1- Minha preocupação nesta manhã , no início deste seminário, é com o humano enquanto humano, não importa o seu status físico, social ou mental. O humano será sempre humano.

2- A idéia de Velhice, Terceira Idade ou Ancião, tem-se resolvido em substantivos e até mesmo em adjetivos para deisgnar a postura do humano numa sociedade de classes que o vê de uma determinada forma. Responsável por essa percepção é o trabalho das “ciências” ônticas, isto é, aquelas ciências que se ocupam de dimensões físicas que restingem o mental às possibilidades físicas- são elas as ciências naturais, e as humanas que se utilizam da metodologia empírico-científica dessas ciências.

3- Há, necessariamente, uma diferença entre o humano e os objetivos da natureza. Estes últimos estão simplesmente presentes no nosso aparelho perceptual. A existencialidade porém é que é, em si mesma, a estrutura essencial do ser humano.

4- É minha intenção olhar o humano na sua existencialidade como sendo seu tempo vivido. Porque o tempo é o sentido da vida. Sentido como o de um curso d’ água, sentido de uma frase, sentido de um valor ou sentir um perfume, como diria Claudel em “Art Poétique”

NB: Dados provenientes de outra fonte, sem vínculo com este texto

lemma lz_defect_bounded:
  assumes nz: "\<And>n. zs n \<noteq> 0"
  obtains C N where "\<And>n. N \<le> n \<Longrightarrow> \<bar>lz (Suc n) - real \<delta> * lz n\<bar> \<le> C"
proof -
  obtain N where N: "\<And>n. N \<le> n \<Longrightarrow> norm (zs n) \<le> min r \<rho> \<and> norm (ws n) \<le> \<rho>"
    using eventually_in_polydisc by blast
  have "\<bar>lz (Suc n) - real \<delta> * lz n\<bar> \<le> \<bar>ln c1\<bar> + \<bar>ln c2\<bar> + \<bar>(real \<delta> - 1) * ln \<rho>\<bar>" if n: "N \<le> n" for n
  proof -
    define u where "u = norm (zs n)"
    define u' where "u' = norm (zs (Suc n))"
    have u: "0 < u" "0 < u'" using nz unfolding u_def u'_def by simp_all
    have bounds: "c1 * u ^ \<delta> \<le> u'" "u' \<le> c2 * u ^ \<delta>"
      using zs_Suc[of n] N[OF n] unfolding u_def u'_def by auto
    then have "0 < c2"
      using u by (smt (verit) zero_less_mult_pos2 zero_less_power)
    have "ln c1 + real \<delta> * ln u \<le> ln u'"
      using bounds(1) u c1_pos ln_le_cancel_iff[of "c1 * u ^ \<delta>" u'] by (simp add: ln_mult ln_realpow)
    moreover have "ln u' \<le> ln c2 + real \<delta> * ln u"
      using bounds(2) u \<open>0 < c2\<close> ln_le_cancel_iff[of u' "c2 * u ^ \<delta>"] by (simp add: ln_mult ln_realpow)
    moreover have "lz (Suc n) - real \<delta> * lz n = (ln u' - real \<delta> * ln u) + (real \<delta> - 1) * ln \<rho>"
      unfolding lz_def u_def[symmetric] u'_def[symmetric] using u rho_pos by (simp add: ln_div algebra_simps)
    ultimately show ?thesis by (simp add: abs_le_iff) linarith
  qed
  then show ?thesis by (rule that)
qed
text \<open>
  Let \<rho> be a c-witness and \<rho> i = \<rho> j with i < j, where \<rho> does not visit T1
  before j and the cycle \<rho> i \<dots> \<rho> j does not contain the first visit to T0.
  Cutting the cycle out gives again a c-witness: on the cut play and on every play
  deviating from it, cost0 does not grow, and cost1 drops by exactly the weight of the
  cycle on all plays that agree with \<rho> up to j, so each comparison with cost1 of the
  witness is preserved.  By pigeonhole such a cycle exists within the first 2|V| steps:
  in [0, |V|] if T0 is not visited there, in [|V|, 2|V|] otherwise.  Cutting cycles as
  long as T1 is first reached after step 2|V| thus yields a c-witness whose cost1 is at
  most 2|V|W.
\<close>

definition skip_loop :: "(nat \<Rightarrow> 'v) \<Rightarrow> nat \<Rightarrow> nat \<Rightarrow> nat \<Rightarrow> 'v" where
  "skip_loop \<rho> i j = (\<lambda>t. if t < i then \<rho> t else \<rho> (t + (j - i)))"

lemma skip_loop_upto:
  assumes "i \<le> j" "\<rho> i = \<rho> j" "t \<le> i"
  shows "skip_loop \<rho> i j t = \<rho> t"
  using assms by (auto simp: skip_loop_def)

lemma skip_loop_shift: "i \<le> j \<Longrightarrow> (\<lambda>t. skip_loop \<rho> i j (t + i)) = (\<lambda>t. \<rho> (t + j))"
  by (auto simp: skip_loop_def)

lemma is_play_skip_loop:
  assumes "is_play E v \<rho>" "i \<le> j" "\<rho> i = \<rho> j"
  shows "is_play E v (skip_loop \<rho> i j)"
  unfolding is_play_def
proof (intro conjI allI)
  show "skip_loop \<rho> i j 0 = v"
    using assms skip_loop_upto[of i j \<rho> 0] by (simp add: is_play_def)
  fix t
  consider "Suc t \<le> i" | "i \<le> t" by linarith
  then show "(skip_loop \<rho> i j t, skip_loop \<rho> i j (Suc t)) \<in> E"
  proof cases
    case 1
    then show ?thesis using assms skip_loop_upto[of i j \<rho>] by (simp add: is_play_def)
  next
    case 2
    then show ?thesis using assms by (simp add: skip_loop_def is_play_def)
  qed
qed

lemma deviation_skip_loop:
  assumes "deviation E (skip_loop \<rho> i j) k v" "i \<le> j" "\<rho> i = \<rho> j"
  shows "deviation E \<rho> (if k \<le> i then k else k + (j - i)) v"
  using assms by (auto simp: deviation_def skip_loop_def split: if_splits)
lemma set_integral_mono_set_nonneg:
  fixes f :: "'a \<Rightarrow> real"
  assumes "set_integrable M B f" "A \<in> sets M" "A \<subseteq> B" "\<And>x. x \<in> B \<Longrightarrow> 0 \<le> f x"
  shows "(LINT x:A|M. f x) \<le> (LINT x:B|M. f x)"
  unfolding set_lebesgue_integral_def
  using assms set_integrable_subset[OF assms(1-3)]
  by (intro integral_mono) (auto simp: set_integrable_def indicator_def)

lemma is_solution_bounded:
  assumes z: "is_solution b \<gamma> S T y z" and "bounded (\<gamma> ` {S..T})"
  shows "bounded (z ` {S..T})"
proof -
  obtain B where B: "\<forall>t\<in>{S..T}. norm (\<gamma> t) \<le> B"
    using assms(2) unfolding bounded_iff by auto
  let ?L = "LINT r:{S..T}|lborel. norm (b r (z r))"
  have "norm (z t) \<le> norm y + ?L + 2 * B" if t: "t \<in> {S..T}" for t
  proof -
    have "norm (LINT r:{S..t}|lborel. b r (z r)) \<le> (LINT r:{S..t}|lborel. norm (b r (z r)))"
      using is_solution_integrable[OF z] t by (intro set_integral_norm_bound) auto
    also have "\<dots> \<le> ?L"
      using is_solution_integrable[OF z, of T] t
      by (intro set_integral_mono_set_nonneg set_integrable_norm) auto
    finally show ?thesis
      using is_solution_eq[OF z, of t] B t
      by (smt (verit) norm_triangle_ineq norm_triangle_ineq4 atLeastAtMost_iff)
  qed
  then show ?thesis unfolding bounded_iff by blast
qed
(* Let $(X_n)_{n\ge0}$ be a stationary and ergodic process with $\sum_{i=0}^\infty|\mathrm{Cov}(X_0,X_i)|<\infty$ and let $\mu=\mathbb{E}X_0$. Let $v\ge1$ be an integer, and assume $\mathbb{E}[X_0^2]<\infty$ if $v\in\{1,2\}$, respectively $\mathbb{E}|X_0|^v<\infty$ if $v>2$. Then, as $n\to\infty$, $$\frac1n\sum_{i=1}^n(X_i-\mu)^v\big(|X_i-\bar X_n|-|X_i-\mu|\big)=(\bar X_n-\mu)\,\mathbb{E}[(X_0-\mu)^v\,\mathrm{sgn}(\mu-X_0)]+o_P(1/\sqrt n).$$
   Context: $\bar X_n=\frac1n\sum_{i=1}^nX_i$; $\mathrm{sgn}(x)=-1_{(x<0)}+1_{(x>0)}$; $Y_n=o_P(a_n)$ means $Y_n/a_n\to0$ in probability. *)

theory Defs
  imports "HOL-Probability.Probability"
begin

definition seq_space :: "(nat \<Rightarrow> real) measure" where
  "seq_space = PiM UNIV (\<lambda>_. borel)"

definition seq_law :: "'a measure \<Rightarrow> (nat \<Rightarrow> 'a \<Rightarrow> real) \<Rightarrow> (nat \<Rightarrow> real) measure" where
  "seq_law M X = distr M seq_space (\<lambda>\<omega> i. X i \<omega>)"

definition seq_shift :: "(nat \<Rightarrow> real) \<Rightarrow> (nat \<Rightarrow> real)" where
  "seq_shift f = (\<lambda>i. f (Suc i))"

definition stationary_process :: "'a measure \<Rightarrow> (nat \<Rightarrow> 'a \<Rightarrow> real) \<Rightarrow> bool" where
  "stationary_process M X \<longleftrightarrow>
     (\<forall>k. distr M seq_space (\<lambda>\<omega> i. X (i + k) \<omega>) = distr M seq_space (\<lambda>\<omega> i. X i \<omega>))"
lemma bounded_L2_op_AE_eq_of_uniform_approx:
  assumes M: "prob_space M" and T: "bounded_L2_op M T"
    and f: "f \<in> borel_measurable M" and g: "g \<in> borel_measurable M" and S: "\<And>n. sq_int M (S n)"
    and approx: "\<And>n. AE x in M. \<bar>f x - S n x\<bar> \<le> \<epsilon> n"
    and image_approx: "\<And>n. AE x in M. \<bar>T (S n) x - g x\<bar> \<le> \<delta> n"
    and \<epsilon>: "\<epsilon> \<longlonglongrightarrow> 0" and \<delta>: "\<delta> \<longlonglongrightarrow> 0"
  shows "AE x in M. T f x = g x"
proof -
  obtain C where C: "\<And>h. sq_int M h \<Longrightarrow> (\<integral>x. (T h x)\<^sup>2 \<partial>M) \<le> C * (\<integral>x. (h x)\<^sup>2 \<partial>M)"
    using bounded_L2_op_norm_bound[OF T] by blast
  note T_sq_int = bounded_L2_op_sq_int[OF T]
  have f_sq_int: "sq_int M f" by (rule sq_int_of_AE_abs_diff_le[OF M S f approx])
  have g_sq_int: "sq_int M g"
    using image_approx[of 0] by (intro sq_int_of_AE_abs_diff_le[OF M T_sq_int[OF S] g]) (simp add: abs_minus_commute)
  define I where "I = (\<integral>x. (T f x - g x)\<^sup>2 \<partial>M)"
  have defect: "sq_int M (\<lambda>x. T f x - g x)" by (rule sq_int_diff[OF T_sq_int[OF f_sq_int] g_sq_int])
  have I_le: "I \<le> 2 * \<bar>C\<bar> * (\<epsilon> n)\<^sup>2 + 2 * (\<delta> n)\<^sup>2" for n
  proof -
    define h where "h = (\<lambda>t. f t - S n t)"
    have h: "sq_int M h" unfolding h_def by (rule sq_int_diff[OF f_sq_int S])
    have h_approx: "AE x in M. \<bar>h x\<bar> \<le> \<epsilon> n" using approx[of n] by (simp add: h_def)
    have e: "sq_int M (\<lambda>x. T (S n) x - g x)" by (rule sq_int_diff[OF T_sq_int[OF S] g_sq_int])
    have "(\<lambda>t. h t + S n t) = f" by (simp add: h_def)
    then have "AE x in M. T f x = T h x + T (S n) x"
      using bounded_L2_op_add[OF T h S[of n]] by simp
    then have "AE x in M. T f x - g x = T h x + (T (S n) x - g x)" by eventually_elim simp
    then have "AE x in M. (T f x - g x)\<^sup>2 \<le> 2 * (T h x)\<^sup>2 + 2 * (T (S n) x - g x)\<^sup>2"
      by eventually_elim (simp only: square_add_le)
    then have "I \<le> (\<integral>x. 2 * (T h x)\<^sup>2 + 2 * (T (S n) x - g x)\<^sup>2 \<partial>M)"
      unfolding I_def using defect T_sq_int[OF h] e
      by (intro integral_mono_AE) (auto simp: sq_int_def)
    also have "\<dots> = 2 * (\<integral>x. (T h x)\<^sup>2 \<partial>M) + 2 * (\<integral>x. (T (S n) x - g x)\<^sup>2 \<partial>M)"
      using T_sq_int[OF h] e by (simp add: sq_int_def)
    also have "\<dots> \<le> 2 * (\<bar>C\<bar> * (\<epsilon> n)\<^sup>2) + 2 * (\<delta> n)\<^sup>2"
    proof -
      have "(\<integral>x. (T h x)\<^sup>2 \<partial>M) \<le> C * (\<integral>x. (h x)\<^sup>2 \<partial>M)" by (rule C[OF h])
      also have "\<dots> \<le> \<bar>C\<bar> * (\<integral>x. (h x)\<^sup>2 \<partial>M)"
        by (intro mult_right_mono integral_nonneg_AE) auto
      also have "\<dots> \<le> \<bar>C\<bar> * (\<epsilon> n)\<^sup>2"
        using integral_square_le_of_AE_abs_le[OF M h h_approx]
        by (intro mult_left_mono) auto
      finally show ?thesis
        using integral_square_le_of_AE_abs_le[OF M e image_approx] by linarith
    qed
    finally show ?thesis by (simp add: algebra_simps)
  qed
  have "(\<lambda>n. 2 * \<bar>C\<bar> * (\<epsilon> n)\<^sup>2 + 2 * (\<delta> n)\<^sup>2) \<longlonglongrightarrow> 2 * \<bar>C\<bar> * 0\<^sup>2 + 2 * 0\<^sup>2"
    by (intro tendsto_intros \<epsilon> \<delta>)
  then have "I \<le> 2 * \<bar>C\<bar> * 0\<^sup>2 + 2 * 0\<^sup>2"
    by (rule tendsto_lowerbound) (use I_le in auto)
  then have "I = 0" unfolding I_def by (simp add: antisym)
  then have "AE x in M. (T f x - g x)\<^sup>2 = 0"
    using defect integral_nonneg_eq_0_iff_AE[of M "\<lambda>x. (T f x - g x)\<^sup>2"] by (simp add: I_def sq_int_def)
  then show ?thesis by eventually_elim simp
qed

locale compactly_supported_prob = prob_space \<mu> for \<mu> :: "real measure" +
  fixes K :: "real set"
  assumes sets_eq_borel: "sets \<mu> = sets borel" and compact_support: "compact K"
    and null_outside_support: "emeasure \<mu> (UNIV - K) = 0"
begin

lemma borel_measurable_of_borel: "h \<in> borel_measurable borel \<Longrightarrow> h \<in> borel_measurable \<mu>"
  by (metis measurable_cong_sets[OF sets_eq_borel refl])

lemma AE_in_support: "AE x in \<mu>. x \<in> K"
proof (rule AE_I')
  have "UNIV - K \<in> sets \<mu>"
    using sets_eq_borel compact_support by (simp add: borel_open compact_imp_closed open_Diff)
  then show "UNIV - K \<in> null_sets \<mu>" using null_outside_support by (simp add: null_setsI)
qed auto

lemma AE_abs_le_of_support: "(\<And>x. x \<in> K \<Longrightarrow> \<bar>h x\<bar> \<le> c) \<Longrightarrow> AE x in \<mu>. \<bar>h x\<bar> \<le> c"
  using AE_in_support by (rule AE_mp) auto

lemma sq_int_of_bounded_on_support:
  "h \<in> borel_measurable borel \<Longrightarrow> (\<And>x. x \<in> K \<Longrightarrow> \<bar>h x\<bar> \<le> c) \<Longrightarrow> sq_int \<mu> h"
  using sq_int_of_AE_abs_le[OF prob_space_axioms borel_measurable_of_borel AE_abs_le_of_support] .

lemma sq_int_continuous:
  assumes "continuous_on UNIV h" shows "sq_int \<mu> h"
proof -
  have "compact (h ` K)"
    using assms compact_support compact_continuous_image continuous_on_subset by blast
  then obtain c where "\<forall>y\<in>h ` K. norm y \<le> c" using compact_imp_bounded bounded_iff by metis
  then show ?thesis
    using assms by (intro sq_int_of_bounded_on_support[of h c] borel_measurable_continuous_onI) auto
qed

lemma bounded_L2_op_sum:
  assumes T: "bounded_L2_op \<mu> T" and p: "\<And>k. continuous_on UNIV (p k)"
    and Tp: "\<And>k. AE x in \<mu>. T (p k) x = q k x"
  shows "AE x in \<mu>. T (\<lambda>t. \<Sum>k<N. a k * p k t) x = (\<Sum>k<N::nat. a k * q k x)"
proof (induction N)
  case 0
  show ?case
    using bounded_L2_op_scale[OF T sq_int_continuous[OF p[of 0]], of 0] by simp
next
  case (Suc N)
  have "AE x in \<mu>. T (\<lambda>t. (\<Sum>k<N. a k * p k t) + a N * p N t) x
      = T (\<lambda>t. \<Sum>k<N. a k * p k t) x + T (\<lambda>t. a N * p N t) x"
    using p by (intro bounded_L2_op_add[OF T] sq_int_continuous continuous_intros)
  with Suc.IH bounded_L2_op_scale[OF T sq_int_continuous[OF p[of N]], of "a N"] Tp[of N]
  show ?case by eventually_elim simp
qed

end

lemma poly_Pmu_Suc_Suc:
  "poly (Pmu lam eta (Suc (Suc n))) x =
     (x - lam) * poly (Pmu lam eta (Suc n)) x - (if n = 0 then 1 else 1 + eta) * poly (Pmu lam eta n) x"
  by (simp add: algebra_simps)
(* Let $T_1=(Q_1,\Sigma,\Delta,R_1,q_1^0)$ and $T_2=(Q_2,\Delta,\Omega,R_2,q_2^0)$ be top-down tree transducers, let $\hat{T}_1$ be the product construction of $T_1$ and the domain automaton of $T_2$, and let $M$ be the look-ahead transducer constructed from $T_1$ and $T_2$ as described in the context. Let $(q_1,S)$ be a state of $\hat{T}_1$ and $q_2$ a state of $T_2$ such that $(q_1,S,q_2)$ is a state of $M$. If on input $s\in T_\Sigma$ the state $(q_1,S)$ of $\hat{T}_1$ can produce the tree $t$, and on input $t$ the state $q_2$ of $T_2$ can produce the tree $r$, then the state $(q_1,S,q_2)$ of $M$ can produce $r$ on input $s$.
   Context: A top-down tree transducer $T=(Q,\Sigma,\Delta,R,q_0)$ has finite state set $Q$, ranked input/output alphabets $\Sigma,\Delta$, initial state $q_0$, and finite rule set $R$ of rules $q(a(x_1,\dots,x_k))\to t$ with $a\in\Sigma_k$ ($\Sigma_k$ = symbols of rank $k$) and $t$ a tree over $\Delta$ whose leaves may additionally be of the form $q'(x_i)$, $q'\in Q$, $i\in[k]$; rules are used as rewrite rules in the usual way; a state $q$ produces $t$ on input $s$ if the tree $t$ over $\Delta$ is derivable from $q(s)$. For $q\in Q$, $a\in\Sigma_k$, $\text{rhs}_T(q,a)$ is the set of right-hand sides of rules with left-hand side $q(a(x_1,\dots,x_k))$; for a right-hand side $\xi$ (resp. a set $\Gamma$ of right-hand sides), $\xi[x_i]$ (resp. $\Gamma[x_i]$) is the set of states $q'$ such that $q'(x_i)$ occurs in $\xi$ (resp. in some tree of $\Gamma$). Domain automaton of $T$: the top-down tree automaton (transducer over $\Sigma$ with rules of the form $p(a(x_1,\dots,x_k))\to a(p_1(x_1),\dots,p_k(x_k))$) with states all subsets of $Q$, initial state $\{q_0\}$, rules $S(a(x_1,\dots,x_k))\to a(S_1(x_1),\dots,S_k(x_k))$ for every $a\in\Sigma_k$, nonempty $S=\{q_1,\dots,q_n\}\subseteq Q$ and nonempty $\Gamma_j\subseteq\text{rhs}_T(q_j,a)$ ($j\in[n]$), where $S_i=\bigcup_j\Gamma_j[x_i]$, and rules $\emptyset(a(x_1,\dots,x_k))\to a(\emptyset(x_1),\dots,\emptyset(x_k))$ for all $a$; for an automaton state $l$, $\text{dom}(l)$ is the set of trees accepted from $l$. Product construction of transducers $T=(Q,\Sigma,\Delta,R,q_0)$ and $T'=(Q',\Delta,\Omega,R',q'_0)$: the transducer with states $Q\times Q'$, initial state $(q_0,q'_0)$, and, for every rule $q(a(x_1,\dots,x_k))\to\xi$ of $T$, every $p\in Q'$ and every tree $\zeta$ derivable from $p(\xi)$ using rules of $T'$ in which the leaves of $\xi$ of the form $q''(x_i)$ are treated as unrewritable symbols and a state $p'$ applied to such a leaf stays as $p'(q''(x_i))$, the rule $(q,p)(a(x_1,\dots,x_k))\to\zeta'$ (said to be obtained from the rule $q(a(x_1,\dots,x_k))\to\xi$ by translating $\xi$ with $p$), where $\zeta'$ replaces each $p'(q''(x_i))$ by $(q'',p')(x_i)$. A top-down tree transducer with look-ahead is a tuple $(Q,\Sigma,\Delta,R,q_0,B)$ where $B$ is a top-down tree automaton over $\Sigma$ with state set $L$ and rules have the form $q(a(x_1\!:\!l_1,\dots,x_k\!:\!l_k))\to t$ with $l_i\in L$; on input $s$, each node $v$ with label $a\in\Sigma_k$ is first relabeled by $\langle a,l_1,\dots,l_k\rangle$ where $l_i\in L$ are such that the $i$-th subtree of $v$ is in $\text{dom}(l_i)$, and the relabeled tree is then processed reading each rule as $q(\langle a,l_1,\dots,l_k\rangle(x_1,\dots,x_k))\to t$; a state produces $r$ on input $s$ if $r$ is obtainable this way starting from that state. Construction of $M$: let $\hat{T}_1$ be the product construction of $T_1$ and the domain automaton of $T_2$ (states written $(q,S)$ with $q\in Q_1$, $S\subseteq Q_2$), and $N$ the product construction of $\hat{T}_1$ and $T_2$ (states written $(q,S,q')$). The states of $M$ are the $(q,S,q')$ with $q'\in S$; its initial state is $(q_1^0,\{q_2^0\},q_2^0)$; its look-ahead automaton is the domain automaton $\hat{A}$ of $\hat{T}_1$. For every rule $(q,S,q')(a(x_1,\dots,x_k))\to\gamma$ of $N$ involving only such states, obtained from the rule $(q,S)(a(x_1,\dots,x_k))\to\xi$ of $\hat{T}_1$ by translating $\xi$ with $q'$, and for all states $l_1,\dots,l_k$ of $\hat{A}$ with $\xi[x_i]\subseteq l_i$ ($i\in[k]$), $M$ has the rule $(q,S,q')(a(x_1\!:\!l_1,\dots,x_k\!:\!l_k))\to\gamma$. *)

theory Defs
  imports Main
begin

datatype 'f tree = Node 'f "'f tree list"

text \<open>Trees whose leaves may additionally be variables (used for right-hand sides,
where Var (q, i) stands for q(x_i), and for sentential forms, where Var (q, u) stands
for the state q applied to the (input) tree u).\<close>
datatype ('f, 'v) trm = Var 'v | Fun 'f "('f, 'v) trm list"

fun to_trm :: "'f tree \<Rightarrow> ('f, 'v) trm" where
  "to_trm (Node f ts) = Fun f (map to_trm ts)"

fun subst :: "('v \<Rightarrow> ('f, 'w) trm) \<Rightarrow> ('f, 'v) trm \<Rightarrow> ('f, 'w) trm" where
  "subst \<sigma> (Var v) = \<sigma> v"
| "subst \<sigma> (Fun f ts) = Fun f (map (subst \<sigma>) ts)"

fun ranked :: "('f \<times> nat) set \<Rightarrow> 'f tree \<Rightarrow> bool" where
  "ranked \<Sigma> (Node f ts) \<longleftrightarrow> (f, length ts) \<in> \<Sigma> \<and> (\<forall>t\<in>set ts. ranked \<Sigma> t)"

text \<open>A rule (q, a, k, xi) stands for q(a(x_1,...,x_k)) -> xi; in xi, Var (q', i) stands
for q'(x_i) (1-based index i).\<close>
record ('q, 'f, 'g) tdtt =
  states :: "'q set"
  inp :: "('f \<times> nat) set"
  outp :: "('g \<times> nat) set"
  rules :: "('q \<times> 'f \<times> nat \<times> ('g, 'q \<times> nat) trm) set"
  init :: 'q

fun wf_rhs :: "('g \<times> nat) set \<Rightarrow> 'q set \<Rightarrow> nat \<Rightarrow> ('g, 'q \<times> nat) trm \<Rightarrow> bool" where
  "wf_rhs \<Delta> Q k (Var (q, i)) \<longleftrightarrow> q \<in> Q \<and> 1 \<le> i \<and> i \<le> k"
| "wf_rhs \<Delta> Q k (Fun g ts) \<longleftrightarrow> (g, length ts) \<in> \<Delta> \<and> (\<forall>t\<in>set ts. wf_rhs \<Delta> Q k t)"

definition wf_tdtt :: "('q, 'f, 'g) tdtt \<Rightarrow> bool" where
  "wf_tdtt T \<longleftrightarrow> finite (states T) \<and> finite (inp T) \<and> finite (outp T) \<and> finite (rules T)
     \<and> init T \<in> states T
     \<and> (\<forall>(q, a, k, \<xi>) \<in> rules T. q \<in> states T \<and> (a, k) \<in> inp T \<and> wf_rhs (outp T) (states T) k \<xi>)"

text \<open>One rewrite step on sentential forms: Var (q, u) denotes q(u). Only subterms
Var (q, Fun a ss) can be rewritten; Var (q, Var v) is an unrewritable leaf.\<close>
inductive step :: "('q, 'f, 'g) tdtt \<Rightarrow> ('g, 'q \<times> ('f, 'v) trm) trm \<Rightarrow> ('g, 'q \<times> ('f, 'v) trm) trm \<Rightarrow> bool"
  for T where
  root: "(q, a, length ss, \<xi>) \<in> rules T \<Longrightarrow>
         step T (Var (q, Fun a ss)) (subst (\<lambda>(q', i). Var (q', ss ! (i - 1))) \<xi>)"
| ctxt: "i < length us \<Longrightarrow> step T (us ! i) u' \<Longrightarrow> step T (Fun g us) (Fun g (us[i := u']))"

definition produces :: "('q, 'f, 'g) tdtt \<Rightarrow> 'q \<Rightarrow> 'f tree \<Rightarrow> 'g tree \<Rightarrow> bool" where
  "produces T q s t \<longleftrightarrow> (step T)\<^sup>*\<^sup>* (Var (q, to_trm s :: ('f, unit) trm)) (to_trm t)"

definition rhs_set :: "('q, 'f, 'g) tdtt \<Rightarrow> 'q \<Rightarrow> 'f \<Rightarrow> nat \<Rightarrow> ('g, 'q \<times> nat) trm set" where
  "rhs_set T q a k = {\<xi>. (q, a, k, \<xi>) \<in> rules T}"

definition vars_at :: "('g, 'q \<times> nat) trm \<Rightarrow> nat \<Rightarrow> 'q set" where
  "vars_at \<xi> i = {q. (q, i) \<in> set2_trm \<xi>}"

definition dom_aut :: "('q, 'f, 'g) tdtt \<Rightarrow> ('q set, 'f, 'f) tdtt" where
  "dom_aut T = \<lparr> states = Pow (states T), inp = inp T, outp = inp T,
     rules = {(S, a, k, Fun a (map (\<lambda>i. Var (\<Union>q\<in>S. \<Union>\<xi>\<in>\<Gamma> q. vars_at \<xi> i, i)) [1..<Suc k]))
               | S a k \<Gamma>. (a, k) \<in> inp T \<and> S \<subseteq> states T \<and> S \<noteq> {}
                   \<and> (\<forall>q\<in>S. \<Gamma> q \<noteq> {} \<and> \<Gamma> q \<subseteq> rhs_set T q a k)}
           \<union> {({}, a, k, Fun a (map (\<lambda>i. Var ({}, i)) [1..<Suc k])) | a k. (a, k) \<in> inp T},
     init = {init T} \<rparr>"

definition accepts :: "('l, 'f, 'f) tdtt \<Rightarrow> 'l \<Rightarrow> 'f tree \<Rightarrow> bool" where
  "accepts A l s \<longleftrightarrow> produces A l s s"

text \<open>zeta' is obtained from xi by translating with p: some zeta derivable from p(xi) with
leaves q''(x_i) unrewritable equals zeta' with each (q'',p')(x_i) replaced by p'(q''(x_i)).\<close>
definition translates :: "('p, 'g, 'h) tdtt \<Rightarrow> 'p \<Rightarrow> ('g, 'q \<times> nat) trm \<Rightarrow> ('h, ('q \<times> 'p) \<times> nat) trm \<Rightarrow> bool" where
  "translates T' p \<xi> \<zeta>' \<longleftrightarrow>
     (step T')\<^sup>*\<^sup>* (Var (p, \<xi>)) (map_trm (\<lambda>x. x) (\<lambda>((q'', p'), i). (p', Var (q'', i))) \<zeta>')"

definition product :: "('q, 'f, 'g) tdtt \<Rightarrow> ('p, 'g, 'h) tdtt \<Rightarrow> ('q \<times> 'p, 'f, 'h) tdtt" where
  "product T T' = \<lparr> states = states T \<times> states T', inp = inp T, outp = outp T',
     rules = {((q, p), a, k, \<zeta>') | q p a k \<xi> \<zeta>'.
                (q, a, k, \<xi>) \<in> rules T \<and> p \<in> states T' \<and> translates T' p \<xi> \<zeta>'},
     init = (init T, init T') \<rparr>"

text \<open>The underlying transducer reads symbols (a, [l_1,...,l_k]) of rank k.\<close>
record ('q, 'l, 'f, 'g) la_tdtt =
  la_trans :: "('q, 'f \<times> 'l list, 'g) tdtt"
  la_aut :: "('l, 'f, 'f) tdtt"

5- O sujeito não pode ser uma série de eventos psíquicos, isto é - ser criaça, ser adolescente, ser adulto, ser velho, como um conjunto segmentado de eventos, por isso mesmo é que ele não é eterno. Resta para este sujeito que sou eu, que é você- ser temporal.

6- O homen sempre permanece relacionado com o tempo. Mas o que é o tempo?

Precisamos sair da concepção popular de tempo para conceber o sujeito humano e o tempo, como que se comunicando de dentro para fora. Poderiamos, então, dizer que a existência não pode ter qualquer contingente externo ou atributo (ser visto como criança, adulto, velho). Não pode ser algo especial, mental, cronológico, sem ser isso tudo numa totalidade, sem assumir e levar para diante seus atributos e transformá-los em várias dimensões de seu ser. Resulta daí que qualquer análise de um desses elementos encontrar-se-á com a subjetividade.

7- Não há problemas principais assim como não há problemas subordinados, todos os problemas humanos são concêntricos. Analisar-se o tempo não é seguir as consequências de uma concepção pré-estebelecidas de subjetividade, mas é ter acesso, através desse tempo, à sua estrutura concreta.

8- Quando procuramos compreender uma pessoa, essa compreesão nunca se dá de forma pura, mas somente através das intersecções das suas várias dimensões. Precisamos, então, pensar na idéia do tempo propriamente dito, e é sómente acompanhando a sua dialética interna, o homem não está no tempo, é o tempo que está no homem, que seremos então levados a compreender a idéia do sujeito humano.

9- Quando nos encontramos com uma pessoa que não vemos há muito tempo, ou quando respondemos a uma carta que está muito atrasada, dizemos, comumente, que o tempo passa ou que o tempo voa. Falamos ainda assim, quando nos referimos à nossa vida, ao curso do tempo, tudo passou.

10- A água que vejo correndo num riacho nasceu provavelmente, há alguns dias atrás, nas montanhas ou numa fonte. Ela está agora diante de mim e caminha para outro riacho ou para o mar onde deságua.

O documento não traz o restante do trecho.